This is an interesting, though esoteric, essay from the Financial Times. As the FT asks not to re-post articles I have included the link.
Here are a few excerpts:
Even if sharp predictions of individual economic outcomes are rarely possible, it should be possible to describe the general character of economic events, the ways in which these events are likely to develop, the broad nature of policy options and their consequences. It should be possible to call on a broad consensus on the interpretation of empirical data to support such analysis. This is very far from being the case.
The two branches of economics most relevant to the recent crisis are macroeconomics and financial economics. Macroeconomics deals with growth and business cycles. Its dominant paradigm is known as “dynamic stochastic general equilibrium” (thankfully abbreviated to DSGE) – a complex model structure that seeks to incorporate, in a single framework, time, risk and the need to take account of the behaviour of many different companies and households.
The study of financial markets revolves meanwhile around the “efficient market hypothesis” – that all available information is incorporated into market prices, so that these prices at all times reflect the best possible estimate of the underlying value of assets – and the “capital asset pricing model”. This latter notion asserts that what we see is the outcome of decisions made by a marketplace of rational players acting on the belief in efficient markets.
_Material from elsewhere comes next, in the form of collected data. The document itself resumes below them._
theorem theorem6p17:
  fixes X :: "'a set" and dX :: "real \<Rightarrow> 'a \<Rightarrow> 'a \<Rightarrow> real"
    and Y :: "'b set" and dY :: "real \<Rightarrow> 'b \<Rightarrow> 'b \<Rightarrow> real"
  assumes "DMS X dX" and "DMS Y dY"
  shows "dI_sets (theta_obj X dX) (theta_map X dX) (theta_obj Y dY) (theta_map Y dY)
           \<le> 2 * d_dyn X dX Y dY"
proof -
  have "dI_sets (theta_obj X dX) (theta_map X dX) (theta_obj Y dY) (theta_map Y dY)
          \<le> ereal 2 * d_dyn X dX Y dY"
  proof (rule le_mult_d_dyn)
    fix e and Z :: "('a \<times> 'b) set" and pX pY
    assume "e \<ge> 0" and "eps_tripod e Z pX pY X dX Y dY"
    then show "dI_sets (theta_obj X dX) (theta_map X dX) (theta_obj Y dY) (theta_map Y dY) \<le> ereal (2 * e)"
      using dI_sets_le_eps_interleaving[OF eps_interleaving_tripod_block_map[OF assms]] by simp
  qed simp
  then show ?thesis by simp
qed

end
lemma measure_Pi_pmf_agree:
  assumes "finite I" "D \<subseteq> I"
  shows "measure_pmf.prob (Pi_pmf I dflt M) {f. \<forall>i\<in>D. f i = b i} = (\<Prod>i\<in>D. pmf (M i) (b i))"
proof -
  define B where "B i = (if i \<in> D then {b i} else UNIV)" for i
  have "{f. \<forall>i\<in>D. f i = b i} = Pi I B"
    using assms(2) by (auto simp: B_def Pi_def)
  then have "measure_pmf.prob (Pi_pmf I dflt M) {f. \<forall>i\<in>D. f i = b i}
      = (\<Prod>i\<in>I. measure_pmf.prob (M i) (B i))"
    using assms(1) by (simp add: measure_Pi_pmf_Pi)
  also have "\<dots> = (\<Prod>i\<in>I. if i \<in> D then pmf (M i) (b i) else 1)"
    by (intro prod.cong) (auto simp: B_def measure_pmf_single)
  also have "\<dots> = (\<Prod>i\<in>D. pmf (M i) (b i))"
    using assms by (simp add: prod.If_cases Int_absorb1)
  finally show ?thesis .
qed

lemma prod_superset_le:
  fixes f :: "'a \<Rightarrow> 'b::linordered_idom"
  assumes "finite C" "B \<subseteq> C" "\<And>x. x \<in> C \<Longrightarrow> 0 \<le> f x \<and> f x \<le> 1"
  shows "prod f C \<le> prod f B"
proof -
  have "prod f C = prod f (C - B) * prod f B"
    by (rule prod.subset_diff[OF assms(2,1)])
  also have "\<dots> \<le> 1 * prod f B"
    using assms by (intro mult_right_mono prod_le_1 prod_nonneg) auto
  finally show ?thesis by simp
qed

lemma sum_PiE_power_card_agree:
  fixes K :: "'c::comm_ring_1"
  assumes I: "finite I" and A: "\<And>i. i \<in> I \<Longrightarrow> finite (A i)" and v: "v \<in> Pi\<^sub>E I A"
  shows "(\<Sum>w\<in>Pi\<^sub>E I A. K ^ card {i\<in>I. v i = w i}) = (\<Prod>i\<in>I. K + of_nat (card (A i)) - 1)"
proof -
  have "K ^ card {i\<in>I. v i = w i} = (\<Prod>i\<in>I. if v i = w i then K else 1)" for w
    by (simp add: prod.inter_filter[OF I, symmetric])
  then have "(\<Sum>w\<in>Pi\<^sub>E I A. K ^ card {i\<in>I. v i = w i})
      = (\<Prod>i\<in>I. \<Sum>y\<in>A i. if v i = y then K else 1)"
    using I A by (simp add: prod_sum_PiE)
  also have "\<dots> = (\<Prod>i\<in>I. K + of_nat (card (A i)) - 1)"
  proof (intro prod.cong refl)
    fix i assume i: "i \<in> I"
    then have vi: "v i \<in> A i" using v by auto
    have "(\<Sum>y\<in>A i. if v i = y then K else 1) = K + (\<Sum>y\<in>A i - {v i}. if v i = y then K else 1)"
      using A[OF i] vi by (simp add: sum.remove)
    also have "(\<Sum>y\<in>A i - {v i}. if v i = y then K else 1) = (\<Sum>y\<in>A i - {v i}. 1)"
      by (rule sum.cong) auto
    also have "\<dots> = of_nat (card (A i - {v i}))"
      by simp
    also have "of_nat (card (A i - {v i})) = of_nat (card (A i)) - (1::'c)"
    proof -
      have "0 < card (A i)" using A[OF i] vi by (auto simp: card_gt_0_iff)
      then show ?thesis using A[OF i] vi by (simp add: of_nat_diff Suc_le_eq)
    qed
    finally show "(\<Sum>y\<in>A i. if v i = y then K else 1) = K + of_nat (card (A i)) - 1"
      by (simp add: algebra_simps)
  qed
  finally show ?thesis .
qed

lemma second_moment_ratio_le:
  fixes p q s \<epsilon> :: real
  assumes "p < 1" "0 < q" "1 \<le> s"
    and "real (m * m) * p \<le> \<epsilon>" "real m / (s * q) \<le> \<epsilon>" "\<epsilon> \<le> 1/4"
  shows "((1 / q + s - 1) / s) ^ m / (1 - p) ^ (m * m) \<le> 1 + 4 * \<epsilon>"
proof -
  define x where "x = real m / (s * q)"
  have x: "0 \<le> x" "x \<le> \<epsilon>"
    using assms(2,3,5) by (auto simp: x_def)
  have "((1 / q + s - 1) / s) ^ m \<le> exp (1 / (s * q)) ^ m"
  proof (intro power_mono)
    have "(1 / q + s - 1) / s \<le> 1 + 1 / (s * q)" using assms(2,3) by (simp add: field_simps)
    then show "(1 / q + s - 1) / s \<le> exp (1 / (s * q))"
      using exp_ge_add_one_self[of "1 / (s * q)"] by linarith
    have "0 < 1 / q" using assms(2) by simp
    then show "0 \<le> (1 / q + s - 1) / s" using assms(3) by (intro divide_nonneg_nonneg) linarith+
  qed
  also have "\<dots> = exp x" by (simp add: x_def exp_of_nat_mult[symmetric])
  also have "\<dots> \<le> 1 + 2 * x"
    using exp_bound_lemma[of x] x assms(6) by simp
  finally have numerator: "((1 / q + s - 1) / s) ^ m \<le> 1 + 2 * \<epsilon>" using x by linarith
  have "1 - \<epsilon> \<le> 1 + real (m * m) * - p" using assms(4) by simp
  also have "\<dots> \<le> (1 + - p) ^ (m * m)" using assms(1) by (intro Bernoulli_inequality) simp
  finally have denominator: "1 - \<epsilon> \<le> (1 - p) ^ (m * m)" by simp
  have "((1 / q + s - 1) / s) ^ m / (1 - p) ^ (m * m) \<le> (1 + 2 * \<epsilon>) / (1 - \<epsilon>)"
    using numerator denominator x assms(6) by (intro frac_le) auto
  also have "\<dots> \<le> 1 + 4 * \<epsilon>"
  proof -
    have "\<epsilon> * \<epsilon> \<le> \<epsilon> * (1/4)" using x assms(6) by (intro mult_left_mono) auto
    then have "1 + 2 * \<epsilon> \<le> (1 + 4 * \<epsilon>) * (1 - \<epsilon>)" by (simp add: algebra_simps)
    then show ?thesis using assms(6) by (simp add: pos_divide_le_eq)
  qed
  finally show ?thesis .
qed

lemma all_edgesE:
  assumes "e \<in> all_edges V"
  obtains i j where "e = {i, j}" "i \<noteq> j" "i \<in> V" "j \<in> V"
  using assms unfolding all_edges_def by (auto simp: card_2_iff)

lemma doubleton_in_all_edges: "i \<noteq> j \<Longrightarrow> i \<in> V \<Longrightarrow> j \<in> V \<Longrightarrow> {i, j} \<in> all_edges V"
  unfolding all_edges_def by auto

lemma all_edges_mono: "A \<subseteq> B \<Longrightarrow> all_edges A \<subseteq> all_edges B"
  unfolding all_edges_def by auto

lemma ball_all_edges_iff: "(\<forall>e\<in>all_edges V. P e) \<longleftrightarrow> (\<forall>i\<in>V. \<forall>j\<in>V. i \<noteq> j \<longrightarrow> P {i, j})"
  by (blast elim: all_edgesE intro: doubleton_in_all_edges)

lemma finite_all_edges: "finite V \<Longrightarrow> finite (all_edges V)"
  unfolding all_edges_def by auto

lemma card_all_edges_le:
  assumes "finite V"
  shows "card (all_edges V) \<le> card V * card V"
proof -
  have "all_edges V \<subseteq> (\<lambda>(i, j). {i, j}) ` (V \<times> V)"
    by (auto elim!: all_edgesE)
  then have "card (all_edges V) \<le> card ((\<lambda>(i, j). {i, j}) ` (V \<times> V))"
    using assms by (intro card_mono) auto
  also have "\<dots> \<le> card (V \<times> V)"
    by (rule card_image_le) (use assms in simp)
  finally show ?thesis by (simp add: card_cartesian_product)
qed

lemma balanced_card_induced_edges_le:
  assumes "is_graph_on V E" "balanced V E" "A \<subseteq> V" "finite A"
  shows "real (card (induced_edges E A)) \<le> avg_degree V E * card A / 2"
proof (cases "A = {}")
  case True
  then have "induced_edges E A = {}"
    using assms(1) by (auto simp: induced_edges_def is_graph_on_def all_edges_def)
  then show ?thesis using True by simp
next
  case False
  then have "0 < real (card A)" using assms(4) by auto
  moreover have "avg_degree A (induced_edges E A) \<le> avg_degree V E"
    using False assms(2,3) by (auto simp: balanced_def)
  ultimately have "2 * real (card (induced_edges E A)) \<le> avg_degree V E * card A"
    by (simp add: avg_degree_def[of A] pos_divide_le_eq)
  then show ?thesis by simp
qed

lemma finite_set_pmf_gnp: "finite (set_pmf (gnp n p))"
proof -
  have "set_pmf (gnp n p) \<subseteq> Pow (all_edges {1..n})"
    by (auto simp: gnp_def)
  then show ?thesis
    using finite_all_edges[of "{1..n}"] by (auto intro: finite_subset)
qed

definition part_index :: "nat \<Rightarrow> nat \<Rightarrow> nat" where
  "part_index s x = (x - 1) div s + 1"

lemma part_index_part:
  assumes "0 < n div m" "1 \<le> i" "x \<in> part n m i"
  shows "part_index (n div m) x = i"
proof -
  have "(x - 1) div (n div m) = i - 1"
    using assms by (intro div_nat_eqI) (auto simp: part_def mult.commute)
  then show ?thesis using assms(2) by (simp add: part_index_def)
qed

lemma card_part: "1 \<le> i \<Longrightarrow> card (part n m i) = n div m"
  by (cases i) (auto simp: part_def)

lemma part_subset: "i \<le> m \<Longrightarrow> part n m i \<subseteq> {1..n}"
proof -
  assume "i \<le> m"
  then have "i * (n div m) \<le> m * (n div m)" by simp
  also have "\<dots> \<le> n" by simp
  finally show ?thesis by (auto simp: part_def)
qed

locale partite_copies =
  fixes n m :: nat and H :: "nat set set" and p :: real
  assumes m_pos: "0 < m" and m_le_n: "m \<le> n"
    and graph_H: "is_graph_on {1..m} H" and balanced_H: "balanced {1..m} H"
    and p_pos: "0 < p" and p_less_1: "p < 1"
begin

abbreviation s :: nat where
  "s \<equiv> n div m"

lemma s_pos: "0 < s"
  using m_pos m_le_n by (simp add: div_greater_zero_iff)

definition partite_maps :: "(nat \<Rightarrow> nat) set" where
  "partite_maps = Pi\<^sub>E {1..m} (part n m)"

definition is_copy :: "(nat \<Rightarrow> nat) \<Rightarrow> nat set set \<Rightarrow> bool" where
  "is_copy v G \<longleftrightarrow> (\<forall>i\<in>{1..m}. \<forall>j\<in>{1..m}. i \<noteq> j \<longrightarrow> ({i, j} \<in> H \<longleftrightarrow> {v i, v j} \<in> G))"

definition copy_pairs :: "(nat \<Rightarrow> nat) \<Rightarrow> nat set set" where
  "copy_pairs v = (\<lambda>e. v ` e) ` all_edges {1..m}"

definition pattern_edge :: "nat set \<Rightarrow> bool" where
  "pattern_edge e \<longleftrightarrow> part_index s ` e \<in> H"

definition pattern_prob :: "nat set \<Rightarrow> real" where
  "pattern_prob A = (\<Prod>e\<in>all_edges A. if e \<in> H then p else 1 - p)"

definition q :: real where
  "q = p powr (avg_degree {1..m} H / 2)"

lemma q_pos: "0 < q"
  using p_pos by (simp add: q_def)

lemma partite_map_in_part: "v \<in> partite_maps \<Longrightarrow> i \<in> {1..m} \<Longrightarrow> v i \<in> part n m i"
  by (auto simp: partite_maps_def)

lemma part_index_partite_map:
  "v \<in> partite_maps \<Longrightarrow> i \<in> {1..m} \<Longrightarrow> part_index s (v i) = i"
  using s_pos partite_map_in_part by (intro part_index_part) auto

lemma partite_map_range:
  assumes "v \<in> partite_maps" "i \<in> {1..m}"
  shows "v i \<in> {1..n}"
  using partite_map_in_part[OF assms] part_subset[of i m n] assms(2) by auto

lemma part_index_image:
  assumes "v \<in> partite_maps" "e \<subseteq> {1..m}"
  shows "part_index s ` v ` e = e"
proof -
  have "part_index s ` v ` e = (\<lambda>i. part_index s (v i)) ` e" by (simp add: image_image)
  also have "\<dots> = (\<lambda>i. i) ` e"
    using assms part_index_partite_map by (intro image_cong) auto
  finally show ?thesis by simp
qed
A close relationship exists between these three theories. But the account of recent events given by proponents of these models was comprehensively false. They proclaimed stability where there was impending crisis, and market efficiency where there was gross asset mispricing.
Economics is not a technique in search of problems but a set of problems in need of solution. Such problems are varied and the solutions will inevitably be eclectic. Such pragmatic thinking requires not just deductive logic but an understanding of the processes of belief formation, of anthropology, psychology and organisational behaviour, and meticulous observation of what people, businesses and governments do.